Every few weeks, there is some kind of a version release going on during Ziv’s night sleep. She wakes up with a new set of features — starting with simple features such as smiling and following objects with her eyes, through making sounds of different syllables and clapping hands and all the way to crawling and standing. Professionals call it a growth spurt.
This is a lot like our product. With every new set of features, its functionality is increasing and new capabilities are being introduced to the market. This process is not flawless. You may suffer from some sleepless nights and anxiety, but in the end you wake up to an advanced and refined product.
Just like when managing a product, transparency to your stakeholders/ customers/ managers is crucial. When you introduce a new feature, you are making sure it is well communicated to all relevant stakeholders and that the usability of it is clear to your users.

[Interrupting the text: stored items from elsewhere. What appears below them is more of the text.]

(* Let $k_{\mathcal{A}},k_{\mathcal{W}},k_{\mathcal{Y}}$ be bounded positive semidefinite kernels on $\mathcal{A},\mathcal{W},\mathcal{Y}$ with RKHSs $\mathcal{H}_{\mathcal{A}},\mathcal{H}_{\mathcal{W}},\mathcal{H}_{\mathcal{Y}}$ and canonical features $\phi_{\mathcal{A}},\phi_{\mathcal{W}},\phi_{\mathcal{Y}}$. Let $\mathcal{H}_{\mathcal{A}\mathcal{W}}$ and $\mathcal{H}_{\mathcal{A}\mathcal{Y}}$ be the tensor-product RKHSs with features $\phi_{\mathcal{A}}(a)\otimes\phi_{\mathcal{W}}(w)$ and $\phi_{\mathcal{A}\mathcal{Y}}(a,y)=\phi_{\mathcal{A}}(a)\otimes\phi_{\mathcal{Y}}(y)$, and let $\mathcal{H}_{\mathcal{W}(\mathcal{A}\mathcal{Y})}$ be the space of Hilbert–Schmidt operators $\mathcal{H}_{\mathcal{A}\mathcal{Y}}\to\mathcal{H}_{\mathcal{W}}$. Given stage 1 samples $\{(w_i,a_i,y_i)\}_{i=1}^n$, stage 2 samples $\{(\dot a_i,\dot y_i)\}_{i=1}^m$ and regularization parameters $\lambda,\eta>0$, define $$\hat C_{W|A,Y}=\arg\min_{C\in\mathcal{H}_{\mathcal{W}(\mathcal{A}\mathcal{Y})}}\frac1n\sum_{i=1}^n\|\phi_{\mathcal{W}}(w_i)-C\,\phi_{\mathcal{A}\mathcal{Y}}(a_i,y_i)\|^2_{\mathcal{H}_{\mathcal{W}}}+\lambda\|C\|^2_{\mathcal{H}_{\mathcal{W}(\mathcal{A}\mathcal{Y})}},$$ $$\hat h=\arg\min_{h\in\mathcal{H}_{\mathcal{A}\mathcal{W}}}\frac1m\sum_{i=1}^m\Big(\dot y_i-\big\langle h,\ \phi_{\mathcal{A}}(\dot a_i)\otimes\hat C_{W|A,Y}\phi_{\mathcal{A}\mathcal{Y}}(\dot a_i,\dot y_i)\big\rangle_{\mathcal{H}_{\mathcal{A}\mathcal{W}}}\Big)^2+\eta\|h\|^2_{\mathcal{H}_{\mathcal{A}\mathcal{W}}}.$$ Then $$\hat h(a,w)=\vec\alpha^\top\vec k(a,w),\qquad \vec\alpha=(M+m\eta I)^{-1}\dot{\vec y},$$ where $\dot{\vec y}=(\dot y_1,\dots,\dot y_m)^\top\in\mathbb{R}^m$, $$M=K_{\dot A\dot A}\odot(B^\top K_{WW}B)\in\mathbb{R}^{m\times m},\quad \vec k(a,w)=\vec k_{\dot A}(a)\odot(B^\top\vec k_W(w))\in\mathbb{R}^m,\quad B=(K_{AA}\odot K_{YY}+n\lambda I)^{-1}(K_{A\dot A}\odot K_{Y\dot Y})\in\mathbb{R}^{n\times m}.$$ Here $K_{AA},K_{WW},K_{YY}\in\mathbb{R}^{n\times n}$ are the stage 1 kernel matrices (e.g. $(K_{AA})_{ij}=k_{\mathcal{A}}(a_i,a_j)$), $K_{\dot A\dot A}=(k_{\mathcal{A}}(\dot a_i,\dot a_j))_{ij}\in\mathbb{R}^{m\times m}$, $K_{A\dot A}=(k_{\mathcal{A}}(a_i,\dot a_j))_{ij}$, $K_{Y\dot Y}=(k_{\mathcal{Y}}(y_i,\dot y_j))_{ij}\in\mathbb{R}^{n\times m}$, $\vec k_{\dot A}(a)=(k_{\mathcal{A}}(\dot a_i,a))_{i=1}^m\in\mathbb{R}^m$, and $\vec k_W(w)=(k_{\mathcal{W}}(w_i,w))_{i=1}^n\in\mathbb{R}^n$.
   Context: $\odot$ denotes the entrywise (Hadamard) product; $\otimes$ the tensor product of RKHS elements. *)

theory Defs
  imports "HOL-Analysis.Analysis" "Jordan_Normal_Form.Gauss_Jordan_Elimination"
begin

text \<open>The RKHS of a kernel k on X is represented (up to isometric isomorphism) by a
  Hilbert space H with a feature map phi : X -> H such that
  inner (phi x) (phi y) = k x y and the features span a dense subspace.
  Evaluation of f in H at x is inner f (phi x) (reproducing property).\<close>

definition is_rkhs_feature :: "('x \<Rightarrow> 'x \<Rightarrow> real) \<Rightarrow> ('x \<Rightarrow> 'h::{real_inner,complete_space}) \<Rightarrow> bool" where
  "is_rkhs_feature k phi \<longleftrightarrow>
     (\<forall>x y. inner (phi x) (phi y) = k x y) \<and> closure (span (range phi)) = UNIV"

definition bounded_kernel :: "('x \<Rightarrow> 'x \<Rightarrow> real) \<Rightarrow> bool" where
  "bounded_kernel k \<longleftrightarrow> (\<exists>B. \<forall>x y. \<bar>k x y\<bar> \<le> B)"

definition psd_kernel :: "('x \<Rightarrow> 'x \<Rightarrow> real) \<Rightarrow> bool" where
  "psd_kernel k \<longleftrightarrow> (\<forall>x y. k x y = k y x) \<and>
     (\<forall>(xs::'x list) (c::real list). length c = length xs \<longrightarrow>
        (\<Sum>i<length xs. \<Sum>j<length xs. c!i * c!j * k (xs!i) (xs!j)) \<ge> 0)"

text \<open>Hilbert-space tensor product: T is a Hilbert space with a bilinear map
  tens : H1 -> H2 -> T satisfying inner (x (x) y) (x' (x) y') = inner x x' * inner y y'
  whose range spans a dense subspace (characterizes H1 (x) H2 up to unique isometry).\<close>

definition is_tensor_product :: "('h1::{real_inner,complete_space} \<Rightarrow> 'h2::{real_inner,complete_space} \<Rightarrow> 't::{real_inner,complete_space}) \<Rightarrow> bool" where
  "is_tensor_product tens \<longleftrightarrow>
     (\<forall>x. linear (tens x)) \<and> (\<forall>y. linear (\<lambda>x. tens x y)) \<and>
     (\<forall>x y x' y'. inner (tens x y) (tens x' y') = inner x x' * inner y y') \<and>
     closure (span {tens x y | x y. True}) = UNIV"

definition orthonormal_basis :: "'h::{real_inner,complete_space} set \<Rightarrow> bool" where
  "orthonormal_basis E \<longleftrightarrow> (\<forall>e\<in>E. norm e = 1) \<and>
     (\<forall>e\<in>E. \<forall>f\<in>E. e \<noteq> f \<longrightarrow> inner e f = 0) \<and> closure (span E) = UNIV"

definition some_onb :: "'h::{real_inner,complete_space} set" where
  "some_onb = (SOME E. orthonormal_basis E)"

definition hilbert_schmidt :: "('h1::{real_inner,complete_space} \<Rightarrow> 'h2::{real_inner,complete_space}) \<Rightarrow> bool" where
  "hilbert_schmidt C \<longleftrightarrow> bounded_linear C \<and> (\<lambda>e. (norm (C e))\<^sup>2) summable_on some_onb"

definition hs_norm_sq :: "('h1::{real_inner,complete_space} \<Rightarrow> 'h2::{real_inner,complete_space}) \<Rightarrow> real" where
  "hs_norm_sq C = infsum (\<lambda>e. (norm (C e))\<^sup>2) some_onb"

definition hadamard_mat :: "real mat \<Rightarrow> real mat \<Rightarrow> real mat" (infixl "\<odot>\<^sub>m" 70) where
  "A \<odot>\<^sub>m B = mat (dim_row A) (dim_col A) (\<lambda>(i,j). A $$ (i,j) * B $$ (i,j))"

definition hadamard_vec :: "real vec \<Rightarrow> real vec \<Rightarrow> real vec" (infixl "\<odot>\<^sub>v" 70) where
  "v \<odot>\<^sub>v u = vec (dim_vec v) (\<lambda>i. v $ i * u $ i)"

definition mat_inv :: "real mat \<Rightarrow> real mat" where
  "mat_inv A = the (mat_inverse A)"

definition kmat :: "('x \<Rightarrow> 'x \<Rightarrow> real) \<Rightarrow> nat \<Rightarrow> (nat \<Rightarrow> 'x) \<Rightarrow> nat \<Rightarrow> (nat \<Rightarrow> 'x) \<Rightarrow> real mat" where
  "kmat k p xs q ys = mat p q (\<lambda>(i,j). k (xs i) (ys j))"

definition kvec :: "('x \<Rightarrow> 'x \<Rightarrow> real) \<Rightarrow> nat \<Rightarrow> (nat \<Rightarrow> 'x) \<Rightarrow> 'x \<Rightarrow> real vec" where
  "kvec k p xs x = vec p (\<lambda>i. k (xs i) x)"

definition B_matrix where
  "B_matrix kA kY n (a :: nat \<Rightarrow> 'a) (y :: nat \<Rightarrow> real) m (ad :: nat \<Rightarrow> 'a) (yd :: nat \<Rightarrow> real) lam =
     mat_inv ((kmat kA n a n a \<odot>\<^sub>m kmat kY n y n y) + (real n * lam) \<cdot>\<^sub>m 1\<^sub>m n)
       * (kmat kA n a m ad \<odot>\<^sub>m kmat kY n y m yd)"

definition M_matrix where
  "M_matrix kA kW n (w :: nat \<Rightarrow> 'w) m (ad :: nat \<Rightarrow> 'a) B =
     kmat kA m ad m ad \<odot>\<^sub>m (transpose_mat B * kmat kW n w n w * B)"

definition alpha_vec where
  "alpha_vec kA kW n (w :: nat \<Rightarrow> 'w) m (ad :: nat \<Rightarrow> 'a) (yd :: nat \<Rightarrow> real) eta B =
     mat_inv (M_matrix kA kW n w m ad B + (real m * eta) \<cdot>\<^sub>m 1\<^sub>m m) *\<^sub>v vec m yd"

definition stage1_obj where
  "stage1_obj phiW phiAY n (w :: nat \<Rightarrow> 'w) (a :: nat \<Rightarrow> 'a) (y :: nat \<Rightarrow> real) lam C =
     (1 / real n) * (\<Sum>i<n. (norm (phiW (w i) - C (phiAY (a i) (y i))))\<^sup>2) + lam * hs_norm_sq C"

definition stage2_obj where
  "stage2_obj phiA phiAY tensAW C m (ad :: nat \<Rightarrow> 'a) (yd :: nat \<Rightarrow> real) \<eta> h =
     (1 / real m) * (\<Sum>i<m. (yd i - inner h (tensAW (phiA (ad i)) (C (phiAY (ad i) (yd i)))))\<^sup>2)
     + \<eta> * (norm h)\<^sup>2"
lemma sample_mean_fun_upd_insert:
  "sample_mean (insert x L) (g(x := t)) = (t + card L * sample_mean L g) / (real (card L) + 1)"
proof -
  have "(\<Sum>y\<in>L. (g(x := t)) y) = (\<Sum>y\<in>L. g y)"
    using x by (intro sum.cong) auto
  then have "sample_mean (insert x L) (g(x := t)) = (t + (\<Sum>y\<in>L. g y)) / (card L + 1)"
    using fin x by (simp add: sample_mean_def)
  then show ?thesis
    using fin ne by (simp add: sum_eq_card_mult_sample_mean)
qed

lemma fun_upd_minus_sample_mean_insert:
  "t - sample_mean (insert x L) (g(x := t)) = real (card L) / (real (card L) + 1) * (t - sample_mean L g)"
  unfolding sample_mean_fun_upd_insert by (simp add: field_simps)

lemma sum_sq_dev_fun_upd_insert:
  "sum_sq_dev (insert x L) (g(x := t))
     = sum_sq_dev L g + real (card L) / (real (card L) + 1) * (t - sample_mean L g)\<^sup>2"
proof -
  define a where "a = sample_mean (insert x L) (g(x := t))"
  define b where "b = sample_mean L g"
  define n where "n = real (card L)"
  have "sum_sq_dev (insert x L) (g(x := t)) = (t - a)\<^sup>2 + (\<Sum>y\<in>L. ((g(x := t)) y - a)\<^sup>2)"
    using fin x by (simp add: sum_sq_dev_def a_def)
  also have "(\<Sum>y\<in>L. ((g(x := t)) y - a)\<^sup>2) = (\<Sum>y\<in>L. (g y - a)\<^sup>2)"
    using x by (intro sum.cong) auto
  also have "\<dots> = sum_sq_dev L g + n * (b - a)\<^sup>2"
    unfolding b_def n_def using fin ne by (rule sum_sq_eq_sum_sq_dev_plus)
  also have "(t - a)\<^sup>2 + (sum_sq_dev L g + n * (b - a)\<^sup>2) = sum_sq_dev L g + n / (n + 1) * (t - b)\<^sup>2"
  proof -
    have ta: "t - a = n / (n + 1) * (t - b)" and ba: "b - a = - (t - b) / (n + 1)"
      unfolding a_def b_def n_def fun_upd_minus_sample_mean_insert
      by (simp_all add: sample_mean_fun_upd_insert field_simps)
    have "n + 1 > 0" by (simp add: n_def)
    then show ?thesis
      unfolding ta ba power_mult_distrib power_divide
      by (simp add: field_simps power2_commute[of b t]) (simp add: algebra_simps power2_eq_square)
  qed
  finally show ?thesis unfolding b_def n_def .
qed

end

lemma AE_std_gauss_field_neq:
  assumes fin: "finite L" and y: "y \<in> L" "z \<in> L" "y \<noteq> z"
  shows "AE g in std_gauss_field L. g y \<noteq> g z"
proof -
  interpret product_sigma_finite "\<lambda>_. std_gaussian" by (rule product_sigma_finite_std_gaussian)
  define L' where "L' = L - {y}"
  have L': "L = insert y L'" "y \<notin> L'" "finite L'" "z \<in> L'"
    using fin y by (auto simp: L'_def)
  define S where "S = {g \<in> space (std_gauss_field L). g y = g z}"
  have S[measurable]: "S \<in> sets (std_gauss_field L)"
    unfolding S_def using y by measurable
  have "emeasure (std_gauss_field L) S = (\<integral>\<^sup>+g. indicator S g \<partial>PiM (insert y L') (\<lambda>_. std_gaussian))"
    using S L'(1) by (simp add: std_gauss_field_def)
  also have "\<dots> = (\<integral>\<^sup>+g'. (\<integral>\<^sup>+t. indicator S (g'(y := t)) \<partial>std_gaussian) \<partial>PiM L' (\<lambda>_. std_gaussian))"
    using L' S by (intro product_nn_integral_insert) (auto simp: std_gauss_field_def)
  also have "\<dots> = (\<integral>\<^sup>+g'. emeasure std_gaussian {g' z} \<partial>PiM L' (\<lambda>_. std_gaussian))"
  proof (intro nn_integral_cong)
    fix g' assume "g' \<in> space (PiM L' (\<lambda>_. std_gaussian))"
    then have "g'(y := t) \<in> space (std_gauss_field L)" for t
      using L' by (auto simp: std_gauss_field_def space_PiM intro!: PiE_fun_upd)
    then have "indicator S (g'(y := t)) = (indicator {g' z} t :: ennreal)" for t
      using y by (auto simp: S_def split: split_indicator)
    then show "(\<integral>\<^sup>+t. indicator S (g'(y := t)) \<partial>std_gaussian) = emeasure std_gaussian {g' z}"
      by simp
  qed
  also have "\<dots> = 0" by (simp add: emeasure_gaussian_measure_singleton)
  finally have "S \<in> null_sets (std_gauss_field L)" using S by (simp add: null_sets_def)
  then show ?thesis
    by (rule AE_I') (auto simp: S_def)
qed
(* Let $M$ be a structure in a countable vocabulary $L$ and let $\phi$ be a first order $L$-sentence in negation normal form. There is a mapping $\Phi$ such that for every strategy $\tau$ of Eloise in the evaluation game $G(M,\phi)$, $\Phi(\tau)$ is a strategy of Eloise in the model existence game $\mathrm{MEG}(\phi)$. If $\tau$ is a winning strategy, then so is $\Phi(\tau)$.
   Context: An assignment into a set $X$ is a map from a finite set of variables into $X$; $s(a/x)$ denotes the assignment agreeing with $s$ except that it sends $x$ to $a$. A formula is in negation normal form if negation occurs only in front of atomic formulas; the connectives are $\neg,\wedge,\vee,\forall,\exists$. Evaluation game $G(M,\phi)$: players Abelard and Eloise. Positions are pairs $(\psi,s)$ with $\psi$ a subformula of $\phi$ and $s$ an assignment into $M$; initial position $(\phi,\emptyset)$. At $(\psi,s)$: if $\psi$ is a literal, the game ends and Eloise wins iff $s$ satisfies $\psi$ in $M$; if $\psi=\psi_0\wedge\psi_1$, Abelard chooses the next position $(\psi_0,s)$ or $(\psi_1,s)$; if $\psi=\psi_0\vee\psi_1$, Eloise chooses it; if $\psi=\forall x\theta$, Abelard chooses $a\in M$ and the next position is $(\theta,s(a/x))$; if $\psi=\exists x\theta$, Eloise chooses $a\in M$ and the next position is $(\theta,s(a/x))$. A strategy is winning if its player wins every play following it. Model existence game $\mathrm{MEG}(\phi)$: let $C=\{c_0,c_1,\ldots\}$ be a countable set of new distinct constant symbols; a $C$-assignment is an assignment into $C$. Positions are finite sets $S$ of pairs $(\psi,s)$ with $\psi$ a subformula of $\phi$ and $s$ a $C$-assignment; the initial position is $\{(\phi,\emptyset)\}$. At each move, given the position $S$, Abelard selects a pair in $S$ and one of the following applies: if $(\psi_0\wedge\psi_1,s)\in S$, Abelard may decide that the next position is $S\cup\{(\psi_0,s)\}$ or $S\cup\{(\psi_1,s)\}$; if $(\psi_0\vee\psi_1,s)\in S$, Abelard may demand that Eloise choose whether the next position is $S\cup\{(\psi_0,s)\}$ or $S\cup\{(\psi_1,s)\}$; if $(\forall x\theta,s)\in S$, Abelard may choose $n\in\mathbb N$ and the next position is $S\cup\{(\theta,s(c_n/x))\}$; if $(\exists x\theta,s)\in S$, Abelard may demand that Eloise choose some $c_n$, and the next position is $S\cup\{(\theta,s(c_n/x))\}$. Abelard wins if at some point the position contains both $(\psi,s)$ and $(\neg\psi,s')$ with $\psi$ atomic and $s(x)=s'(x)$ for all variables $x$ of $\psi$. Otherwise (the game continuing for infinitely many moves) Eloise wins. *)

theory Defs
  imports "HOL-Library.Countable"
begin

Going back to Ziv, when she starts complaining that she is hungry, I noticed an interesting thing. If she sees me preparing her food in the kitchen, she smiles and politely waits for her meal to be ready. If I’m out of her sight, she becomes nervous and impatient. My baby wants transparency, as many stakeholders do.
Until baby Ziv was born, my partner and I were just another regular couple. Ziv’s birth turned us into a team, one that must be in full alignment and synchronization in order to make it work. Our objective for Q1 was mainly surviving (MVP). For this first quarter, during the nights, we worked in shifts which required a smooth transition of information — how much did she eat and when? How long did she sleep for? How many diapers were changed? And so on. We kept a tight track of her food intake, vitamins, outputs (let’s call it that) and so on. After successfully achieving our Q1 objective, we were able to set more ambitious goals for the following quarters.
Same goes for our product teams — a strong team with good communication and a healthy dynamic can and will deliver impactful results.
Taking care of a baby is challenging, as is becoming a mother. Changes surround you, but by being empathetic, transparent, flexible and working as a team with your support system, your perspective can change and life becomes easier, especially in those early days. And since this product is truly one-of-a-kind, you may as well enjoy the ride.